I decided to make an apple crisp to pretend it is autumn.  At least it is cooling down a bit.  It is gluten free because of my Beloved.  Not really a hardship at all.  The gluten free sourdough biscuits were good yesterday.  I am perfecting the recipe but I do have the starter down.

Apple Crisp

Note:  To use wheat flour, use 1 cup of flour, all purpose, white, or wheat.  In this case, 1 cup will work.  2/28/2012:  I modified the flour quantities and types.  i am much happier with this recipe now because it tastes much more similar to the ones made with wheat flour.  5/24/2017:  Updated to say use 1 cup wheat flour if replacing the gluten free flours.

2 large apples, cored, peeled, and sliced into small pieces

1/2 cup butter

3/4 cup brown sugar

1 heaping teaspoon cinnamon

1 heaping teaspoon ginger

1/2 cup almond flour

1/2 cup millet flour

1/2 cup sorghum flour

1/2 cup arrowroot flour

Preheat oven to 350 degrees Fahrenheit.

In an 8 inch by 8 inch pan, put the peeled, cored, and sliced into small pieces apples.
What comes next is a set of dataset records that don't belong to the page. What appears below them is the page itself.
(* Let $R$ be a $*$-ring, let $a\in R$, and let $n\geq 3$ be an integer. Then $a$ is dual core invertible if and only if there exists $c\in R$ such that $a^{\circ}=cR$ and $v=a^{n}a^{*}+cc^{*}$ is invertible. In this case $$a_{\mathrm{core}}=a^{*}v^{-1}a^{n-1}.$$
   Context: A $*$-ring is an associative ring with identity $1$ and an involution $*$, i.e. $(a^* )^*=a$, $(ab)^*=b^*a^*$ and $(a+b)^*=a^*+b^*$. For $a\in R$: $a^{\circ}=\{x\in R : ax=0\}$ and $cR=\{cx : x\in R\}$. An element $a$ is dual core invertible if there is $x\in R$ with $(xa)^*=xa$, $x^2a=x$ and $a^2x=a$. Such an $x$ is unique and denoted $a_{\mathrm{core}}$. "Invertible" means having a two-sided inverse in $R$. *)

theory Defs
  imports Main
begin

definition is_involution :: "('a::ring_1 \<Rightarrow> 'a) \<Rightarrow> bool" where
  "is_involution s \<longleftrightarrow>
     (\<forall>a. s (s a) = a) \<and> (\<forall>a b. s (a * b) = s b * s a) \<and> (\<forall>a b. s (a + b) = s a + s b)"

definition right_ann :: "'a::ring_1 \<Rightarrow> 'a set" where
  "right_ann a = {x. a * x = 0}"

definition right_ideal_gen :: "'a::ring_1 \<Rightarrow> 'a set" where
  "right_ideal_gen c = {c * x | x. True}"

definition is_invertible :: "'a::ring_1 \<Rightarrow> bool" where
  "is_invertible v \<longleftrightarrow> (\<exists>y. v * y = 1 \<and> y * v = 1)"

definition ring_inv :: "'a::ring_1 \<Rightarrow> 'a" where
  "ring_inv v = (THE y. v * y = 1 \<and> y * v = 1)"

definition is_dual_core_inverse :: "('a::ring_1 \<Rightarrow> 'a) \<Rightarrow> 'a \<Rightarrow> 'a \<Rightarrow> bool" where
  "is_dual_core_inverse s a x \<longleftrightarrow> s (x * a) = x * a \<and> x * x * a = x \<and> a * a * x = a"

definition dual_core_invertible :: "('a::ring_1 \<Rightarrow> 'a) \<Rightarrow> 'a \<Rightarrow> bool" where
  "dual_core_invertible s a \<longleftrightarrow> (\<exists>x. is_dual_core_inverse s a x)"

definition dual_core_inv :: "('a::ring_1 \<Rightarrow> 'a) \<Rightarrow> 'a \<Rightarrow> 'a" where
  "dual_core_inv s a = (THE x. is_dual_core_inverse s a x)"

end

theory Submission
  imports Defs
begin

text \<open>
  If \<open>x\<close> is a dual core inverse of \<open>a\<close>, then \<open>p = x a\<close> is a selfadjoint idempotent,
  \<open>a\<degree> = (1 - p) R\<close>, and \<open>a\<^sup>n a\<^sup>* + (1 - p)\<close> has the explicit two-sided inverse
  \<open>x\<^sup>* x\<^sup>n + (1 - e\<^sup>*) (1 - e)\<close> with \<open>e = a x\<close>.

  Conversely, only \<open>a c = 0\<close> is needed of \<open>c\<close>. Let \<open>w\<close> invert \<open>v = a\<^sup>n a\<^sup>* + c c\<^sup>*\<close>.
  Applying the involution to \<open>w v = 1\<close> gives \<open>a = a\<^sup>2 (a\<^sup>*)\<^sup>n w\<^sup>*\<close>, and for \<open>n \<ge> 3\<close> this
  yields \<open>a (a u) = 0 \<Longrightarrow> a u = 0\<close>, so powers of \<open>a\<close> can be cancelled on the left.
  Hence \<open>y = a\<^sup>* w a\<^sup>n\<^sup>-\<^sup>1\<close> satisfies \<open>a\<^sup>2 y = a\<close> and \<open>y\<^sup>2 a = y\<close>, and \<open>y a = a\<^sup>* w a\<^sup>n\<close>
  is selfadjoint because it fixes \<open>a\<^sup>*\<close> from the left.
\<close>

lemma ring_inv_eqI:
  fixes v w :: "'a::ring_1"
  assumes "v * w = 1" and "w * v = 1"
  shows "ring_inv v = w"
  unfolding ring_inv_def
proof (rule the_equality)
  show "v * w = 1 \<and> w * v = 1" using assms by blast
next
  fix y assume "v * y = 1 \<and> y * v = 1"
  then have "y = (w * v) * y" using assms(2) by simp
  also have "\<dots> = w" using \<open>v * y = 1 \<and> y * v = 1\<close> by (simp add: mult.assoc)
  finally show "y = w" .
qed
In a small bowl, put the butter and brown sugar.  Cream together.  Mix in the cinnamon, ginger, sorghum flour, teff flour, sweet rice flour, and almond flour.  Put on top of the apples, covering as many as possible and making the layer as even as possible.

Bake 45 minutes.

Serve warm or cold.  

We happen to really like with the crisp with homemade vanilla ice cream.  Heaven.

Wednesday
Oct052011

getting ready for winter, if it every comes, or at least the ice rink

Last night was interesting.  i got home from an event with my Beloved and went boom!  He could visually see my crash and I was asleep by 7.30.  The only reason I woke up between then and my alarm going off was to wobble to the bathroom.  And my Beloved followed me both ways because I was wobbling so bad.  It was an interesting evening that I do not care to repeat.

I have been crocheting a lot.  I had enough yarn leftover from the mitts I made to make a hat.  I also added a band on the edge that was an alpaca wool blend that was very soft.

I like that it is big enough to cover my ears and my hair when it is up on the back of my head.  In another words, I like soft hats that are too big.  I keep warm that way.  The Tall Short Person likes it too but this is not for her.  I will be working on Christmas gifts very soon.